Use it any time you’ve worked with the client to identify their safety behaviours and you’re preparing the protocol that will eventually drop them. Anxiety, OCD, social anxiety, panic, agoraphobia, health anxiety. The list of relevant cases is wide.

The clinical pattern to read. The result column is the lever. Most clients fill it in expecting to write “felt better” or “got through the situation.” What they often end up writing is “the relief lasted ten minutes,” “made me more anxious later,” “felt fine but then I avoided the same thing again the next day.” That’s the data that breaks the protective belief about the safety behaviour. The client’s own week is generating evidence that the behaviour isn’t doing the work they thought it was. When you see that pattern in the log, bring it directly into session. Don’t summarise it. Read the entries together and let the client see what their own data shows.

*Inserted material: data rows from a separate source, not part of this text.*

(* Let $x\in\mathbb{R}^d$ with $\|x\|_2=1$, let $\ket{x}=\sum_{i\in[d]}x_i\ket{i}$, and let $\delta>0$. Consider the following procedure, given access to a unitary $U:\ket{0}\mapsto\ket{x}$, its controlled version, and QRAM: (1) measure $N=\frac{36\ln d}{\delta^2}$ copies of $\ket{x}$ in the standard basis, let $n_i$ be the number of times outcome $i$ is observed, and store $\sqrt{p_i}=\sqrt{n_i/N}$ in QRAM; (2) create $N$ copies of the state $\frac{1}{\sqrt2}\ket{0}\sum_{i}x_i\ket{i}+\frac{1}{\sqrt2}\ket{1}\sum_i\sqrt{p_i}\ket{i}$; (3) apply a Hadamard gate to the first qubit of each copy, giving $\frac12\sum_i\big((x_i+\sqrt{p_i})\ket{0,i}+(x_i-\sqrt{p_i})\ket{1,i}\big)$; (4) measure both registers of each copy in the standard basis and let $n(0,i)$ be the number of times outcome $(0,i)$ is observed; (5) set $\sigma(i)=+1$ if $n(0,i)>0.4Np_i$ and $\sigma(i)=-1$ otherwise; (6) output the vector $\widetilde{X}$ with $\widetilde{X}_i=\sigma(i)\sqrt{p_i}$. Then, with probability at least $1-\frac{1}{d^{0.83}}$, $\|\widetilde{X}-x\|_\infty<(1+\sqrt2)\delta$.
   Context: $\ket{i}$ denotes the standard basis vectors; $\|\cdot\|_\infty$ is the maximum absolute value of the coordinates; $\ln$ is the natural logarithm. *)

theory Defs
  imports "HOL-Probability.Probability"
begin

text \<open>Basis indices [d] are represented by the naturals 0..d-1; a vector of R^d by a
  function nat => real, only its values on {..<d} being relevant.\<close>

definition linf_norm :: "nat \<Rightarrow> (nat \<Rightarrow> real) \<Rightarrow> real" where
  "linf_norm d v = Max ((\<lambda>i. \<bar>v i\<bar>) ` {..<d})"

text \<open>Standard-basis measurement of |x> = sum_i x_i |i>: outcome i with probability x_i^2.\<close>
definition meas1 :: "nat \<Rightarrow> (nat \<Rightarrow> real) \<Rightarrow> nat pmf" where
  "meas1 d x = embed_pmf (\<lambda>i. if i < d then (x i)^2 else 0)"

text \<open>Measurement of (1/2) sum_i ((x_i + sqrt p_i)|0,i> + (x_i - sqrt p_i)|1,i>)
  in the standard basis; the qubit value 0 is False, 1 is True.\<close>
definition meas2 :: "nat \<Rightarrow> (nat \<Rightarrow> real) \<Rightarrow> (nat \<Rightarrow> real) \<Rightarrow> (bool \<times> nat) pmf" where
  "meas2 d x sp = embed_pmf (\<lambda>(b, i). if i < d then
      (if b then ((x i - sp i) / 2)^2 else ((x i + sp i) / 2)^2) else 0)"

definition num_copies :: "nat \<Rightarrow> real \<Rightarrow> nat" where
  "num_copies d \<delta> = nat \<lceil>36 * ln (real d) / \<delta>^2\<rceil>"

definition tomography :: "nat \<Rightarrow> (nat \<Rightarrow> real) \<Rightarrow> real \<Rightarrow> (nat \<Rightarrow> real) pmf" where
  "tomography d x \<delta> = (let N = num_copies d \<delta> in
     do {
       s1 \<leftarrow> Pi_pmf {..<N} 0 (\<lambda>_. meas1 d x);
       let p = (\<lambda>i. real (card {k \<in> {..<N}. s1 k = i}) / real N);
       s2 \<leftarrow> Pi_pmf {..<N} (False, 0) (\<lambda>_. meas2 d x (\<lambda>i. sqrt (p i)));
       let n0 = (\<lambda>i. real (card {k \<in> {..<N}. s2 k = (False, i)}));
       let \<sigma> = (\<lambda>i. if n0 i > 0.4 * real N * p i then (1::real) else -1);
       return_pmf (\<lambda>i. \<sigma> i * sqrt (p i))
     })"
lemma qg_seq_sums:
  assumes q: "q > 1" and r: "0 < r" "r \<le> Jmax q"
  shows "(\<lambda>i. real (qg_seq q r i) / q ^ Suc i) sums r"
proof -
  have "(\<lambda>n. qg_rem q r n / q ^ n) \<longlonglongrightarrow> 0"
  proof (rule Lim_null_comparison[OF always_eventually])
    show "\<forall>n. norm (qg_rem q r n / q ^ n) \<le> Jmax q * (1 / q) ^ n"
    proof
      fix n
      have "norm (qg_rem q r n / q ^ n) = qg_rem q r n / q ^ n"
        using qg_rem_bounds[OF q r, of n] q by simp
      also have "\<dots> \<le> Jmax q / q ^ n"
        using qg_rem_bounds[OF q r, of n] q by (simp add: divide_right_mono)
      finally show "norm (qg_rem q r n / q ^ n) \<le> Jmax q * (1 / q) ^ n"
        by (simp add: power_divide)
    qed
    show "(\<lambda>n. Jmax q * (1 / q) ^ n) \<longlonglongrightarrow> 0"
      using q by (intro tendsto_mult_right_zero LIMSEQ_power_zero) auto
  qed
  then have "(\<lambda>n. r - qg_rem q r n / q ^ n) \<longlonglongrightarrow> r - 0"
    by (intro tendsto_diff tendsto_const)
  then show ?thesis unfolding sums_def qg_seq_partial_sum[OF q] by simp
qed

lemma qg_prefix_length: "length (qg_prefix x q n) = n"
  by (induction n) (auto simp: Let_def)

lemma qg_prefix_nth: "i < n \<Longrightarrow> qg_prefix x q n ! i = qg x q (Suc i)"
proof (induction n)
  case (Suc n)
  show ?case
  proof (cases "i < n")
    case True
    then show ?thesis using Suc qg_prefix_length[of x q n] by (simp add: Let_def nth_append)
  next
    case False
    then have "i = n" using Suc by simp
    then show ?thesis unfolding qg_def by simp
  qed
qed simp

lemma qg_Suc: "qg x q (Suc n) = (if x = 0 then 0 else
   (GREATEST d. d \<le> digmax q \<and> (\<Sum>i<n. real (qg x q (Suc i)) / q ^ Suc i) + real d / q ^ Suc n < x))"
proof -
  have "qg x q (Suc n) = (if x = 0 then 0 else
     (GREATEST d. d \<le> digmax q \<and> (\<Sum>i<n. real (qg_prefix x q n ! i) / q ^ Suc i) + real d / q ^ Suc n < x))"
    unfolding qg_def using qg_prefix_length[of x q n] by (simp add: Let_def nth_append)
  also have "(\<Sum>i<n. real (qg_prefix x q n ! i) / q ^ Suc i) = (\<Sum>i<n. real (qg x q (Suc i)) / q ^ Suc i)"
    by (rule sum.cong) (auto simp: qg_prefix_nth)
  finally show ?thesis .
qed

lemma qg_zero: "qg 0 q n = 0"
  by (cases n) (simp_all add: qg_def Let_def nth_append qg_prefix_length)

lemma qg_eq_qg_seq:
  assumes q: "q > 1" and x: "0 < x" "x \<le> Jmax q"
  shows "qg x q (Suc n) = qg_seq q x n"
proof (induction n rule: less_induct)
  case (less n)
  have "(\<Sum>i<n. real (qg x q (Suc i)) / q ^ Suc i) = (\<Sum>i<n. real (qg_seq q x i) / q ^ Suc i)"
    using less by (intro sum.cong) auto
  also have "\<dots> = x - qg_rem q x n / q ^ n" by (rule qg_seq_partial_sum[OF q])
  finally have sum: "(\<Sum>i<n. real (qg x q (Suc i)) / q ^ Suc i) = x - qg_rem q x n / q ^ n" .
  have "x - qg_rem q x n / q ^ n + real d / q ^ Suc n < x \<longleftrightarrow> real d < q * qg_rem q x n" for d
  proof -
    have "x - qg_rem q x n / q ^ n + real d / q ^ Suc n < x \<longleftrightarrow> real d / q ^ Suc n < qg_rem q x n / q ^ n"
      by linarith
    also have "\<dots> \<longleftrightarrow> real d < q * qg_rem q x n" using q by (simp add: field_simps)
    finally show ?thesis .
  qed
  then show ?case using qg_Suc[of x q n] x unfolding sum qg_seq_def qg_digit_def by simp
qed

lemma alpha_eq_qg_seq: "q > 1 \<Longrightarrow> alpha q (Suc i) = qg_seq q 1 i"
  unfolding alpha_def using qg_eq_qg_seq Jmax_ge_1 by simp

lemma alpha_1: "q > 1 \<Longrightarrow> alpha q 1 = digmax q"
  using alpha_eq_qg_seq[of q 0] qg_digit_1 by (simp add: qg_seq_def)

section \<open>Values of digit sequences\<close>

lemma sums_inverse_power_Suc:
  fixes q :: real assumes "q > 1" shows "(\<lambda>i. 1 / q ^ Suc i) sums (1 / (q - 1))"
proof -
  have "(\<lambda>i. (1/q) * (1/q) ^ i) sums ((1/q) * (1 / (1 - 1/q)))"
    using assms by (intro sums_mult geometric_sums) simp
  moreover have "(1/q) * (1 / (1 - 1/q)) = 1 / (q - 1)" using assms by (simp add: field_simps)
  ultimately show ?thesis by (simp add: power_divide)
qed

lemma digmax_sums: "q > 1 \<Longrightarrow> (\<lambda>i. real (digmax q) / q ^ Suc i) sums Jmax q"
  using sums_mult[OF sums_inverse_power_Suc, of q "real (digmax q)"] unfolding Jmax_def by simp

lemma expval_summable:
  assumes "q > 1" "\<And>i. c i \<le> digmax q"
  shows "summable (\<lambda>i. real (c i) / q ^ Suc i)"
proof (rule summable_comparison_test'[where g = "\<lambda>i. real (digmax q) / q ^ Suc i"])
  show "summable (\<lambda>i. real (digmax q) / q ^ Suc i)" using digmax_sums[OF assms(1)] by (rule sums_summable)
  show "norm (real (c n) / q ^ Suc n) \<le> real (digmax q) / q ^ Suc n" for n
    using assms by (simp add: divide_right_mono)
qed

lemma expval_sums:
  "q > 1 \<Longrightarrow> (\<And>i. c i \<le> digmax q) \<Longrightarrow> (\<lambda>i. real (c i) / q ^ Suc i) sums expval q c"
  unfolding expval_def by (intro summable_sums expval_summable)

lemma expval_eqI: "(\<lambda>i. real (c i) / q ^ Suc i) sums y \<Longrightarrow> expval q c = y"
  unfolding expval_def by (rule sums_unique[symmetric])

lemma expval_nonneg: "q > 1 \<Longrightarrow> (\<And>i. c i \<le> digmax q) \<Longrightarrow> 0 \<le> expval q c"
  unfolding expval_def by (intro suminf_nonneg expval_summable) auto

lemma expval_pos:
  assumes "q > 1" "\<And>i. c i \<le> digmax q" "c j > 0"
  shows "expval q c > 0"
  unfolding expval_def using expval_summable[OF assms(1,2)] assms(1,3)
  by (intro suminf_pos2[where i = j]) auto

lemma expval_le_Jmax:
  assumes "q > 1" "\<And>i. c i \<le> digmax q"
  shows "expval q c \<le> Jmax q"
  using assms by (intro sums_le[OF _ expval_sums digmax_sums]) (auto simp: divide_right_mono)

lemma is_expansion_expval:
  "q > 1 \<Longrightarrow> (\<And>i. c i \<le> digmax q) \<Longrightarrow> is_expansion (expval q c) q c"
  unfolding is_expansion_def using expval_sums by blast

lemma expval_split:
  assumes "q > 1" "\<And>i. c i \<le> digmax q"
  shows "expval q c = (\<Sum>i<N. real (c i) / q ^ Suc i) + expval q (\<lambda>i. c (N + i)) / q ^ N"
proof -
  have "expval q c = (\<Sum>i. real (c (i + N)) / q ^ Suc (i + N)) + (\<Sum>i<N. real (c i) / q ^ Suc i)"
    unfolding expval_def by (rule suminf_split_initial_segment[OF expval_summable[OF assms]])
  also have "(\<lambda>i. real (c (i + N)) / q ^ Suc (i + N)) = (\<lambda>i. (real (c (N + i)) / q ^ Suc i) / q ^ N)"
    by (auto simp: power_add add.commute)
  also have "(\<Sum>i. (real (c (N + i)) / q ^ Suc i) / q ^ N) = expval q (\<lambda>i. c (N + i)) / q ^ N"
    unfolding expval_def using assms by (intro suminf_divide expval_summable) auto
  finally show ?thesis by simp
qed

lemma expval_digit_tail_eq:
  assumes q: "q > 1" and c: "\<And>i. c i \<le> digmax q" and d: "\<And>i. d i \<le> digmax q"
    and eq: "expval q c = expval q d" and agree: "\<forall>i<n. c i = d i"
  shows "real (c n) + expval q (\<lambda>i. c (Suc n + i)) = real (d n) + expval q (\<lambda>i. d (Suc n + i))"
proof -
  have "(\<Sum>i<n. real (c i) / q ^ Suc i) = (\<Sum>i<n. real (d i) / q ^ Suc i)"
    using agree by (intro sum.cong) auto
  then have "real (c n) / q ^ Suc n + expval q (\<lambda>i. c (Suc n + i)) / q ^ Suc n
      = real (d n) / q ^ Suc n + expval q (\<lambda>i. d (Suc n + i)) / q ^ Suc n"
    using expval_split[of q c "Suc n", OF q c] expval_split[of q d "Suc n", OF q d] eq
    unfolding sum.lessThan_Suc by linarith
  then have "(real (c n) + expval q (\<lambda>i. c (Suc n + i))) / q ^ Suc n
      = (real (d n) + expval q (\<lambda>i. d (Suc n + i))) / q ^ Suc n"
    by (simp only: add_divide_distrib)
  then show ?thesis using q by (simp add: divide_cancel_right)
qed

lemma expval_conj:
  assumes "q > 1" "\<And>i. c i \<le> digmax q"
  shows "expval q (\<lambda>i. digmax q - c i) = Jmax q - expval q c"
proof (rule expval_eqI)
  have "(\<lambda>i. real (digmax q) / q ^ Suc i - real (c i) / q ^ Suc i) sums (Jmax q - expval q c)"
    using assms by (intro sums_diff digmax_sums expval_sums)
  then show "(\<lambda>i. real (digmax q - c i) / q ^ Suc i) sums (Jmax q - expval q c)"
    using assms(2) by (simp add: of_nat_diff diff_divide_distrib)
qed

lemma expval_qg_seq_tail:
  assumes "q > 1" "0 < r" "r \<le> Jmax q"
  shows "expval q (\<lambda>i. qg_seq q r (n + i)) = qg_rem q r n"
  unfolding qg_seq_shift[symmetric]
  using qg_rem_bounds[OF assms, of n] by (intro expval_eqI qg_seq_sums assms(1)) auto

lemma expval_qg_seq: "q > 1 \<Longrightarrow> 0 < r \<Longrightarrow> r \<le> Jmax q \<Longrightarrow> expval q (qg_seq q r) = r"
  using expval_qg_seq_tail[of q r 0] by simp

lemma expval_conj_qg_seq_tail:
  assumes "q > 1" "0 < r" "r \<le> Jmax q"
  shows "expval q (\<lambda>i. digmax q - qg_seq q r (n + i)) = Jmax q - qg_rem q r n"
  using expval_conj[OF assms(1), of "\<lambda>i. qg_seq q r (n + i)"] qg_seq_le_digmax[OF assms]
    expval_qg_seq_tail[OF assms] by simp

A second pattern: clients whose result column is consistently positive (“felt better, calmer afterwards”). Worth two interpretations. Either the behaviour is genuinely working short-term and the client hasn’t yet noticed the long-term cost, in which case the conversation focuses on the long-term cost. Or the result is being filled in to look successful, which points at a different conversation about what they’re worried you’ll think.

In my-cbt, the worksheet is one of the bundled system templates. Assign it from the case file with a personal message asking the client to log entries close to the moment rather than retrospectively. Submissions save with timestamps so you can see whether the data is being captured in real time.